Items listed in a dataset
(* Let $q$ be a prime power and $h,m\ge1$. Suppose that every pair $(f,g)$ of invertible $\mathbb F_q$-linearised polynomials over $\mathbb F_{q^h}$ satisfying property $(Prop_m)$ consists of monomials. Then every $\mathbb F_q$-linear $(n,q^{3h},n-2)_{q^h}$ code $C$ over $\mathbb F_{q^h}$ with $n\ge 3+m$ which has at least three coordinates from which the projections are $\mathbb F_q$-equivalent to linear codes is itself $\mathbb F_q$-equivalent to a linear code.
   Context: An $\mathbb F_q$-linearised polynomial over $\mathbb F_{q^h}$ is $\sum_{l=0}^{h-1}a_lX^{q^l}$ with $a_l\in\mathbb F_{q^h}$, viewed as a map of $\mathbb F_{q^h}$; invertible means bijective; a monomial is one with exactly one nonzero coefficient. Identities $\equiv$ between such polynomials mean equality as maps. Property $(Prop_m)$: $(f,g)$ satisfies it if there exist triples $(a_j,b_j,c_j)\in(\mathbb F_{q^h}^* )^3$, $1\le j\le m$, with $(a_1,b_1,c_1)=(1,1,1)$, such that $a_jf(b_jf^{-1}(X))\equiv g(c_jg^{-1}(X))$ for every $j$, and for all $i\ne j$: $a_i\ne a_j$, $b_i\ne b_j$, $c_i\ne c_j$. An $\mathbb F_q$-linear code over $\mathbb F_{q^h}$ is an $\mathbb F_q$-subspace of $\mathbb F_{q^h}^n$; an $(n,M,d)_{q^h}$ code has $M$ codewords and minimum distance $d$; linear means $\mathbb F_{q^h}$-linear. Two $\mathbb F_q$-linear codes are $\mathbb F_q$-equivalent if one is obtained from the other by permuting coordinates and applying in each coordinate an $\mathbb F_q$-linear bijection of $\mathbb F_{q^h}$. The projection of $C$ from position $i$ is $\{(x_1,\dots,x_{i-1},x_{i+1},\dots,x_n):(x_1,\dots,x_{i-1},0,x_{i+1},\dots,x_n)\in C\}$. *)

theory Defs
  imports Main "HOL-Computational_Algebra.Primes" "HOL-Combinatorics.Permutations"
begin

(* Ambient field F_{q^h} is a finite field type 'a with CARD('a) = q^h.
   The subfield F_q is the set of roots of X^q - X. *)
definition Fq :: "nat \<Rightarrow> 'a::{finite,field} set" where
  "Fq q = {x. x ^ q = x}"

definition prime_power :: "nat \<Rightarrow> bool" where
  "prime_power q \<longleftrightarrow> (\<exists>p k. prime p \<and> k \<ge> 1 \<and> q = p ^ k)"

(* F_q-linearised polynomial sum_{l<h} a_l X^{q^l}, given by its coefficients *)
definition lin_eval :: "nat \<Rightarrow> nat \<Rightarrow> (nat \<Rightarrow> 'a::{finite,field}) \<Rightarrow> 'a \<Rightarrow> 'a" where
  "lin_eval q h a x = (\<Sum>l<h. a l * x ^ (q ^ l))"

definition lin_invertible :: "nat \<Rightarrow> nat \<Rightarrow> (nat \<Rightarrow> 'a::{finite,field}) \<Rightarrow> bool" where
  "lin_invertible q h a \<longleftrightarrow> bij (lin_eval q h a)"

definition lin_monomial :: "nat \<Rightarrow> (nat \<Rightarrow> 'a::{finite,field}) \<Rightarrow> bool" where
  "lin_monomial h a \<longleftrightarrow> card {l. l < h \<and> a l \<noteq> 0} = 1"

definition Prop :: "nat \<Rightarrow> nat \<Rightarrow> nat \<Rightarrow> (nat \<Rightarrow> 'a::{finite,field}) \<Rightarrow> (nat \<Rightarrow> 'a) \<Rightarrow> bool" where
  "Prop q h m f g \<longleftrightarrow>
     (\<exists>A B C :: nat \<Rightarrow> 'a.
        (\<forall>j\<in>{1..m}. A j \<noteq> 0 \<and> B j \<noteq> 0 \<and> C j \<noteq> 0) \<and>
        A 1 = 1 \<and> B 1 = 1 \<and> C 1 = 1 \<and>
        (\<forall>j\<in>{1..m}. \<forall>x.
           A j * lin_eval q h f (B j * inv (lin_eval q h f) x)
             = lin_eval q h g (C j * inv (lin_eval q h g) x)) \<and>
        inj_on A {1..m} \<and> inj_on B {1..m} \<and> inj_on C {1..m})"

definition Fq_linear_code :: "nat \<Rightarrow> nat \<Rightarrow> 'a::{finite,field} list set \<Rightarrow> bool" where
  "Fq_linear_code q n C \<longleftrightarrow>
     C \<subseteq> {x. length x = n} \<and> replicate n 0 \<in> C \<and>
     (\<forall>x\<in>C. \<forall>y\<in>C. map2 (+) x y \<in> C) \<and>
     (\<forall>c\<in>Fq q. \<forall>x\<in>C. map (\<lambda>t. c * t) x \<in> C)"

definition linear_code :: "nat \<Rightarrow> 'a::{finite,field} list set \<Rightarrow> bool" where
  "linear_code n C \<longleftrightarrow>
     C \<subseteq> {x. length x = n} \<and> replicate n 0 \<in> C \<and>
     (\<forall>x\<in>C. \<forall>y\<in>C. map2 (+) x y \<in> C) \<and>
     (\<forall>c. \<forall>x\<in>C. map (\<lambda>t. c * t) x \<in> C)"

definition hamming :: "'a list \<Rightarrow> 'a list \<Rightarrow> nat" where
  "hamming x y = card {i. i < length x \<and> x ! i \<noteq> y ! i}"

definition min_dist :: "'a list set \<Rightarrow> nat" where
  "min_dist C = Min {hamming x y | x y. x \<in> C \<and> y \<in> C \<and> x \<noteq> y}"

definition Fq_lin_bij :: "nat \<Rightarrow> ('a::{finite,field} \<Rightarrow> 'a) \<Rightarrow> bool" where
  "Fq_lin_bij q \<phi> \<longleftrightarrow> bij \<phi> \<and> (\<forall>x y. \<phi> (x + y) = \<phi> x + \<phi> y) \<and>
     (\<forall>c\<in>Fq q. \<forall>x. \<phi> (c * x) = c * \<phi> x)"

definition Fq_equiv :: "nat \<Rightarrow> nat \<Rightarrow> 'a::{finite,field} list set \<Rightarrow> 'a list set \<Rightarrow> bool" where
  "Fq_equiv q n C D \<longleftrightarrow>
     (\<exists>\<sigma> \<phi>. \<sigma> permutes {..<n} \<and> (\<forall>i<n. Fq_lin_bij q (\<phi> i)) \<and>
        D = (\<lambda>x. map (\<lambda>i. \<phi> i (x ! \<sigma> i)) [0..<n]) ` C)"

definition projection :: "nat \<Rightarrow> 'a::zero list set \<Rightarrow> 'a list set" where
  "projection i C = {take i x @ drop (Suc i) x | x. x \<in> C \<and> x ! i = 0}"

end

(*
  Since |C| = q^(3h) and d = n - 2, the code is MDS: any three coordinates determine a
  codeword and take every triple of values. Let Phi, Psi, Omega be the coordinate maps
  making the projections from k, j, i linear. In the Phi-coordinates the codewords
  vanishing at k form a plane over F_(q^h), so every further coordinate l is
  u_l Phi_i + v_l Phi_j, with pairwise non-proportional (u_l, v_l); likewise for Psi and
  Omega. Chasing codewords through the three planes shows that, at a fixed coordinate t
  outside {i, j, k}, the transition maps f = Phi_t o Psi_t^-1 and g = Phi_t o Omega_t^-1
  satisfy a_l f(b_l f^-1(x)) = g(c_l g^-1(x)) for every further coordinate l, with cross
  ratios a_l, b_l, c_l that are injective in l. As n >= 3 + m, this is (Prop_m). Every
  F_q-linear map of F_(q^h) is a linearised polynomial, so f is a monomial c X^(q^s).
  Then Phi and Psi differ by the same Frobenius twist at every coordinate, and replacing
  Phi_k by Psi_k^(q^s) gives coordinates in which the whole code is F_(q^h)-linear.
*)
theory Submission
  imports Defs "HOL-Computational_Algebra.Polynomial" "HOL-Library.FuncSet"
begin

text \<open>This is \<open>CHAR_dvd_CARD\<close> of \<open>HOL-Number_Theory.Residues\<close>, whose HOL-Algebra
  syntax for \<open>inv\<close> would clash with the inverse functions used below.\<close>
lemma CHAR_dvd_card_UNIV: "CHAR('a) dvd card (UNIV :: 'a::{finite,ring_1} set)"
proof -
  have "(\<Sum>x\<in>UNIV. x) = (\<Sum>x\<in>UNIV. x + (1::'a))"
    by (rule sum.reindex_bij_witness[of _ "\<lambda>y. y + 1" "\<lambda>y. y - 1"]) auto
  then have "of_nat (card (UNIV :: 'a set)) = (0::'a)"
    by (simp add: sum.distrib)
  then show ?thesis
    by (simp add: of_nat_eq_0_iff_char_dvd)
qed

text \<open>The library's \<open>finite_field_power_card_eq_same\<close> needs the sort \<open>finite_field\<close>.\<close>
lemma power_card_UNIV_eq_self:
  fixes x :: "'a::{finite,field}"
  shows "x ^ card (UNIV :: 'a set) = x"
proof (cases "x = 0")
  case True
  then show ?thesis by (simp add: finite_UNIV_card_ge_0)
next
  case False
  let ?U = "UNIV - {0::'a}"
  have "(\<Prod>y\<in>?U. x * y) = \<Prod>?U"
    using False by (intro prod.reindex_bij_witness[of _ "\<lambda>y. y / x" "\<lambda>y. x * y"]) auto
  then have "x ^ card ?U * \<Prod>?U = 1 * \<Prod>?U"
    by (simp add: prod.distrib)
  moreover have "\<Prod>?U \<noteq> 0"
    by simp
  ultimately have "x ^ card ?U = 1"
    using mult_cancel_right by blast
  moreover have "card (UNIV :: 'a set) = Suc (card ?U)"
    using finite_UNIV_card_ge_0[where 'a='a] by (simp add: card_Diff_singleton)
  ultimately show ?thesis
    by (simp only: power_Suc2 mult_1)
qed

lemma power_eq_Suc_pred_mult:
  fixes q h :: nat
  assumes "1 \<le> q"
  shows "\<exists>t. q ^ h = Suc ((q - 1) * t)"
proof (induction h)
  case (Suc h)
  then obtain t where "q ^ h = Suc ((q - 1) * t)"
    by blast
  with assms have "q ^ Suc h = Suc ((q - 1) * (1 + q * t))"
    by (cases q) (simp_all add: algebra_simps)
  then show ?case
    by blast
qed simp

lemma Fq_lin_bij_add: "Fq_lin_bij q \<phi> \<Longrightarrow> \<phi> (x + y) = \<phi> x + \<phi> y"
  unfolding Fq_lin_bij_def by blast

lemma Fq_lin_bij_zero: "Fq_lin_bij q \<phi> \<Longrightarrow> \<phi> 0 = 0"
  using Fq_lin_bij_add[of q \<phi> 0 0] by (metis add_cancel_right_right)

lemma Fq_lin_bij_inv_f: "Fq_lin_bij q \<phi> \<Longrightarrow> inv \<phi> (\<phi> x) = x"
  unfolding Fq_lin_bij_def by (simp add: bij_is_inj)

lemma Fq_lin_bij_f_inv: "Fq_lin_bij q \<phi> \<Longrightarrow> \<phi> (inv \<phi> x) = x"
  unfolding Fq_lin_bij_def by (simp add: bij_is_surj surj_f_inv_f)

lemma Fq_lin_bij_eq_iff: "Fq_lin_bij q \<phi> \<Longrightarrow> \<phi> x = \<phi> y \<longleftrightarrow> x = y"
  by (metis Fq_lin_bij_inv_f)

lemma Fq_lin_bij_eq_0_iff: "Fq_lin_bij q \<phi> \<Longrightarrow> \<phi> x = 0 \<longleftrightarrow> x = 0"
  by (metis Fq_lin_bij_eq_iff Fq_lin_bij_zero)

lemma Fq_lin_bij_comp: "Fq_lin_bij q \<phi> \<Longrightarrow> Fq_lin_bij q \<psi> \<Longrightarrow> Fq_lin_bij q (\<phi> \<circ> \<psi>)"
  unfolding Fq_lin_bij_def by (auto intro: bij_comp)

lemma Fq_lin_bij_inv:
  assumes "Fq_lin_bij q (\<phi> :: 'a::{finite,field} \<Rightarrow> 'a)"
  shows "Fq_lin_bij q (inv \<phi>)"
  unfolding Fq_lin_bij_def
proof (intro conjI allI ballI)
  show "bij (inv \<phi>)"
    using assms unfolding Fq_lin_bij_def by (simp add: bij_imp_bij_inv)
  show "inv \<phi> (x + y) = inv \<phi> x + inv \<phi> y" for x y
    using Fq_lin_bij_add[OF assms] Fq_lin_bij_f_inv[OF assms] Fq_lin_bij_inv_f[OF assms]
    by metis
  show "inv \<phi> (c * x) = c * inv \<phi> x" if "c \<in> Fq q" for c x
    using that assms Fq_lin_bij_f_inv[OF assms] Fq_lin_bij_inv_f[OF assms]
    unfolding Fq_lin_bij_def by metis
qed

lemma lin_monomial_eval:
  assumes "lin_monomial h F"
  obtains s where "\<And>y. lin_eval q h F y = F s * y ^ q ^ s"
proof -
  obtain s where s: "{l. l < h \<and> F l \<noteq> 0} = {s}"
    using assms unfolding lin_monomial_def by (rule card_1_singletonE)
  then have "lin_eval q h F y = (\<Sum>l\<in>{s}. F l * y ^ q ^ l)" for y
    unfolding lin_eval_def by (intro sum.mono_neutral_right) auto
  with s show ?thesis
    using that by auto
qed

**WORK REQUIRED**
What lines above contain "forall"? Copy them out.

**YOUR RESPONSE**
        (\<forall>j\<in>{1..m}. A j \<noteq> 0 \<and> B j \<noteq> 0 \<and> C j \<noteq> 0) \<and>
        (\<forall>j\<in>{1..m}. \<forall>x.
     (\<forall>x\<in>C. \<forall>y\<in>C. map2 (+) x y \<in> C) \<and>
     (\<forall>c\<in>Fq q. \<forall>x\<in>C. map (\<lambda>t. c * t) x \<in> C)"
     (\<forall>x\<in>C. \<forall>y\<in>C. map2 (+) x y \<in> C) \<and>
     (\<forall>c. \<forall>x\<in>C. map (\<lambda>t. c * t) x \<in> C)"
  "Fq_lin_bij q \<phi> \<longleftrightarrow> bij \<phi> \<and> (\<forall>x y. \<phi> (x + y) = \<phi> x + \<phi> y) \<and>
     (\<forall>c\<in>Fq q. \<forall>x. \<phi> (c * x) = c * \<phi> x)"
     (\<exists>\<sigma> \<phi>. \<sigma> permutes {..<n} \<and> (\<forall>i<n. Fq_lin_bij q (\<phi> i)) \<and>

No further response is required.